Another interesting result is related with the big differences found among the different ship types. Although Finland is the unique country that concentrates an average very high risk for waste from ships pathway, other countries are only highlighted when a specific type of ship movements is analyzed. For example, Bulgaria has an estimated very high risk by SSS movements through Black sea, particularly associated with the port of Burgas, the second most important port in the Black sea . Several countries surrounding the Baltic sea (Denmark, Finland, Lithuania or Sweden among others) are also highlighted in SSS movements and cruises, mainly due to their geographical closeness and trade with RF.
However, the most interesting results are related with waste from cargo ships, for which, four countries concentrate very high risk (France, Italy, the Netherlands and Spain). The detailed analysis of these movements, considering origin and EU destination ports, reveals some interesting differences among these countries. For example, in Netherlands, the risk both from RF as well as from Africa (mainly from Angola and Nigeria) is particularly concentrated in the port of Rotterdam, the one that receives the biggest amount of potentially risky cargo ships (those coming from ASF-affected countries) in the EU. However, in Spain the risk is more distributed, with two important ports receiving high number of cargo ships from Africa and other two from RF. In this particular case, these countries with the same level of risk present different profiles with one or several important ports in terms of risk. This fact enhances the importance of the detailed analysis of these results (represented in Figures 2, 3, 4 and 5) that could be much more informative to the policy makers than the general overview of the results (Figure 1).

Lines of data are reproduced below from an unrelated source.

lemma sum_decrement_weight_le:
  assumes b: "b > 0" and n: "n \<ge> 2"
  shows "(\<Sum>k=1..n-1. decrement_weight b n k) \<le> Gamma_over_fact b (n - n div 2 - 1) * (exp b + 1 / b)"
proof -
  define K where "K = n div 2"
  define J where "J = n - K - 1"
  have KJ: "1 \<le> K" "K \<le> n - 1" "J \<le> K + 1" using n by (auto simp: K_def J_def)
  have rJ: "Gamma_over_fact b J > 0" by (rule Gamma_over_fact_pos[OF b])
  have "(\<Sum>k=1..K. decrement_weight b n k)
      \<le> (\<Sum>k=1..K. Gamma_over_fact b J * exp b * (1 / (real k * (real k + 1))))"
    using Gamma_over_fact_near_half(2)[OF b]
    by (intro sum_mono) (auto simp: decrement_weight_def K_def J_def divide_right_mono)
  also have "\<dots> = Gamma_over_fact b J * exp b * (1 - 1 / (real K + 1))"
    by (simp only: sum_distrib_left[symmetric] sum_inverse_consecutive_products)
  also have "\<dots> \<le> Gamma_over_fact b J * exp b"
    using rJ by (simp add: mult_left_le)
  finally have low: "(\<Sum>k=1..K. decrement_weight b n k) \<le> Gamma_over_fact b J * exp b" .
  have "(\<Sum>k=K+1..n-1. decrement_weight b n k)
      \<le> (\<Sum>k=K+1..n-1. Gamma_over_fact b (n - Suc k) / ((real K + 1) * (real K + 2)))"
    unfolding decrement_weight_def
    by (intro sum_mono divide_left_mono mult_mono less_imp_le[OF Gamma_over_fact_pos[OF b]]) auto
  also have "\<dots> = (\<Sum>j<J. Gamma_over_fact b j) / ((real K + 1) * (real K + 2))"
    unfolding sum_divide_distrib[symmetric] using KJ
    by (intro arg_cong2[where f = "(/)"] refl
        sum.reindex_bij_witness[where i = "\<lambda>j. n - j - 1" and j = "\<lambda>k. n - k - 1"])
      (auto simp: J_def)
  also have "\<dots> = Gamma_over_fact b J / b * (real J / ((real K + 1) * (real K + 2)))"
    by (simp add: sum_Gamma_over_fact[OF b])
  also have "\<dots> \<le> Gamma_over_fact b J / b"
  proof (intro mult_left_le)
    have "real J \<le> (real K + 1) * 1" using KJ by simp
    also have "\<dots> \<le> (real K + 1) * (real K + 2)" by (intro mult_left_mono) auto
    finally have "real J \<le> (real K + 1) * (real K + 2)" .
    then show "real J / ((real K + 1) * (real K + 2)) \<le> 1"
      by simp
  qed (use rJ b in simp_all)
  finally have high: "(\<Sum>k=K+1..n-1. decrement_weight b n k) \<le> Gamma_over_fact b J / b" .
  have "{1..n-1} = {1..K} \<union> {K+1..n-1}" using KJ by auto
  then have "(\<Sum>k=1..n-1. decrement_weight b n k)
      = (\<Sum>k=1..K. decrement_weight b n k) + (\<Sum>k=K+1..n-1. decrement_weight b n k)"
    by (simp add: sum.union_disjoint)
  with low high show ?thesis
    unfolding K_def J_def by (simp add: algebra_simps)
qed
definition strict_decr_lists :: "nat \<Rightarrow> nat list set" where
  "strict_decr_lists m = {ks. length ks = m \<and> sorted_wrt (>) ks \<and> (\<forall>k\<in>set ks. 0 < k)}"

lemma mqzeta_eq_infsum:
  "mqzeta q s = infsum (\<lambda>ks. \<Prod>j<length s. qzeta_term q (s!j) (ks!j)) (strict_decr_lists (length s))"
  by (simp add: mqzeta_def qzeta_term_def strict_decr_lists_def)

lemma mqzeta_singleton: "mqzeta q [s] = infsum (qzeta_term q s) {0<..}"
proof -
  have "strict_decr_lists (length [s]) = (\<lambda>k. [k]) ` {0<..}"
    by (auto simp: strict_decr_lists_def length_Suc_conv)
  then show ?thesis
    by (simp add: mqzeta_eq_infsum infsum_reindex inj_on_def o_def)
qed

lemma qnum_ge_1:
  assumes "0 < q" "q < 1" "0 < k"
  shows "1 \<le> qnum q (real k)"
proof -
  have "q powr real k \<le> q powr 1"
    using assms by (intro powr_mono') auto
  then show ?thesis using assms by (simp add: qnum_def field_simps)
qed

lemma one_minus_mult_qnum: "q \<noteq> 1 \<Longrightarrow> (1 - q) * qnum q x = 1 - q powr x"
  by (simp add: qnum_def)

lemma qzeta_term_nonneg: "0 < q \<Longrightarrow> q < 1 \<Longrightarrow> 0 \<le> qzeta_term q s k"
  by (cases "k = 0") (auto simp: qzeta_term_def qnum_def)

lemma qzeta_term_summable:
  assumes "0 < q" "q < 1" "1 < s"
  shows "qzeta_term q s summable_on {0<..}"
proof -
  define r where "r = q powr (s - 1)"
  have r: "0 < r" "r < 1"
    using powr_less_mono2[of "s - 1" q 1] assms by (auto simp: r_def)
  have "(\<lambda>k. r ^ k) summable_on {0<..}"
  proof -
    have "(\<lambda>k. r ^ k) summable_on UNIV"
      using r by (subst summable_on_UNIV_nonneg_real_iff) (auto intro: summable_geometric)
    then show ?thesis by (rule summable_on_subset_banach) auto
  qed
  then show ?thesis
  proof (rule summable_on_comparison_test)
    fix k :: nat assume k: "k \<in> {0<..}"
    have "qzeta_term q s k \<le> q powr ((s - 1) * real k) / 1"
      unfolding qzeta_term_def using qnum_ge_1[OF assms(1,2), of k] k assms
      by (intro divide_left_mono) (auto intro: ge_one_powr_ge_zero)
    also have "\<dots> = r ^ k"
      using assms by (simp add: r_def powr_powr[symmetric] powr_realpow)
    finally show "qzeta_term q s k \<le> r ^ k" .
    show "0 \<le> qzeta_term q s k" using qzeta_term_nonneg assms by simp
  qed
qed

Authors believe that this model has an important logical and biological approach as its results reflect areas and pathways identified at high risk by experts. This kind of models built using a simple and easy to understand methodology, are faster to develop and easier to interpret compared with the quantitative ones, and are particularly suitable when few information is available. For this reason this model may be considered as an adequate alternative in data scarce situations to provide a scientific support to risk managers, and ultimately, to prevent animal diseases introduction in free territories.